Q&A: UCL Institute of Sport, Exercise and Health
1 July 2010
UCL has launched an Institute of Sport, Exercise and Health to create a hub of expertise for sports and exercise-related research.
In this Q&A, director Fares Haddad explains the purpose of the new Institute and gives an insight into its research and its goals.
Q: How will the new Institute advance the sports and exercise-related research taking place elsewhere at UCL and beyond?
A: The Institute will hope to bring together the various bodies doing sports and exercise-related research at UCL, which include the John Scales Centre for Biomedical Engineering, ASPIRE, a charity which supports people with spinal injury, the Institute of Human Performance, the Hatter Institute and many others.

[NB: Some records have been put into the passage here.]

lemma sublinear_INF_chain:
  assumes ne: "C \<noteq> {}" and sub: "\<And>q. q \<in> C \<Longrightarrow> sublinear q"
    and bdd: "\<And>x. bdd_below ((\<lambda>q. q x) ` C)"
    and chain: "\<And>p q. p \<in> C \<Longrightarrow> q \<in> C \<Longrightarrow> p \<le> q \<or> q \<le> p"
  shows "sublinear (\<lambda>x. INF q\<in>C. q x)" (is "sublinear ?m")
proof -
  have lower: "?m x \<le> q x" if "q \<in> C" for q x
    using bdd that by (rule cINF_lower)
  have greatest: "b \<le> ?m x" if "\<And>q. q \<in> C \<Longrightarrow> b \<le> q x" for b x
    using ne that by (rule cINF_greatest)
  show ?thesis
  proof (rule sublinearI)
    fix x y
    have "?m (x + y) \<le> p x + q y" if pq: "p \<in> C" "q \<in> C" for p q
    proof -
      obtain r where "r \<in> C" "r \<le> p" "r \<le> q"
        using chain[OF pq] pq by auto
      then have "?m (x + y) \<le> r x + r y"
        using lower sublinear_add[OF sub] by (meson order_trans)
      also have "\<dots> \<le> p x + q y" using \<open>r \<le> p\<close> \<open>r \<le> q\<close> by (simp add: add_mono le_funD)
      finally show ?thesis .
    qed
    then have "?m (x + y) - q y \<le> ?m x" if "q \<in> C" for q
      using that by (intro greatest) (simp add: algebra_simps)
    then have "?m (x + y) - ?m x \<le> ?m y"
      by (intro greatest) (simp add: algebra_simps)
    then show "?m (x + y) \<le> ?m x + ?m y" by simp
  next
    show "?m 0 = 0"
      using ne by (simp add: sublinear_zero[OF sub])
  next
    fix c :: real and x
    assume c: "0 < c"
    have "?m (c *\<^sub>R x) / c \<le> ?m x"
    proof (rule greatest)
      fix q assume "q \<in> C"
      then have "?m (c *\<^sub>R x) \<le> c * q x"
        using lower[of q "c *\<^sub>R x"] sublinear_scaleR[OF sub, of q c x] c by simp
      then show "?m (c *\<^sub>R x) / c \<le> q x" using c by (simp add: field_simps)
    qed
    then show "?m (c *\<^sub>R x) \<le> c * ?m x" using c by (simp add: field_simps)
  qed
qed

lemma minimal_sublinear_imp_linear:
  assumes q: "sublinear q" and minimal: "\<And>p. sublinear p \<Longrightarrow> p \<le> q \<Longrightarrow> p = q"
  shows "linear q"
proof -
  have neg: "q (- x) = - q x" for x
  proof -
    have "inf_along q x = q"
      using minimal sublinear_inf_along[OF q] inf_along_le_self[OF q] by blast
    then have "q (- x) \<le> - q x" using inf_along_neg[OF q, of x] by simp
    then show ?thesis using sublinear_neg_le[OF q, of x] by simp
  qed
  show ?thesis
  proof (rule linearI)
    fix x y
    have "q (- (x + y)) \<le> q (- x) + q (- y)"
      using sublinear_add[OF q, of "- x" "- y"] by (metis minus_add_distrib)
    then have "- q (x + y) \<le> - q x - q y" by (simp only: neg)
    then show "q (x + y) = q x + q y" using sublinear_add[OF q, of x y] by simp
  next
    fix c :: real and x
    show "q (c *\<^sub>R x) = c *\<^sub>R q x"
    proof (cases "0 \<le> c")
      case True then show ?thesis using sublinear_scaleR[OF q] by simp
    next
      case False
      then have "q (- ((- c) *\<^sub>R x)) = - ((- c) * q x)"
        using neg sublinear_scaleR[OF q, of "- c"] by simp
      then show ?thesis by simp
    qed
  qed
qed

We want to integrate all their sports- and exercise-related research to facilitate the use of limited funds. Our key partners in terms of sports-related work and research outside of UCL will be the universities of Warwick, Nottingham, Loughborough, Sheffield and Bristol and Bath.
Q: UCL has a lot of expertise in biomedicine - how will the Institute tap into and extend this?
A: There will be a great deal of clinical work focusing on high-end outcomes in athletes and in sport as a whole. Many of our interventions, particularly drug-related and surgical interventions for injuries, have tended to accept a less than perfect outcome. We are now looking at systems for trying to return injuries back to normal function and having ways of recording and documenting that process.
Q: Can you give an example of the sort of research taking place at the Institute?
A: Professor Hugh Montgomery and his team have been leading research on the genetics of bone physiology, and in particular of stress fractures in athletes. We have published on this and it is now being extended to the elite athletic population. We are looking at genetic polymorphisms to see if we can identify groups at risk of certain injuries and groups more suited to one sort of exercise/ sport or another.
Another area of research is the clinical and imaging assessment of the young adult hip in sport. This is a key source of morbidity which was previously unrecognised. Young sportsmen and women start to damage their hips at a very young age and that groin pain which was previously ascribed to soft tissue problems is in fact a bony problem in the hip joint that later leads to osteoarthritis and a hip replacement. We now have good ways of imaging that and minimally invasive interventions that can deal with the problem and hopefully change the natural history for these people, not just getting them back to sport but also allowing them a longer lifespan without major hip surgery.
Q: Is any of the research focused on London 2012?
A: A great deal of the research is focused on optimising our athletes for London 2012. The Institute includes the British Olympic Medical Institute Science and Research Unit, which is based in the Rosenheim building. The Unit focuses on scientific activities aimed at improving the understanding of the effects of various training paradigms on human performance as well as developing innovative technical solutions, training methodologies and nutritional interventions in partnership with academic institutions, the home countries' home institutes and UK sport and Olympic sponsors.
Q: Will the general public feel the impact of the Institute's work, or is it restricted to elite athletes?
A: The work of the Institute will focus partly on translating the current knowledge in sports and exercise medicine to the general public for public health benefit, but also on trying to deliver that extra 1% that makes a difference between gold medals and also-rans in elite sport/athletics. The whole idea is that exercise medicine is made available in the community to decrease risks of cardiovascular problems, diabetes and other problems.
Q: Does the Institute have any external partners?
A: The Institute has a number of external partners including the English Institute of Sport, the British Olympic Association, and it is also involved in looking after UK Athletics and professional rugby and football clubs, such as Saracens and Tottenham Hotspur.
Image: An athlete training on a running track.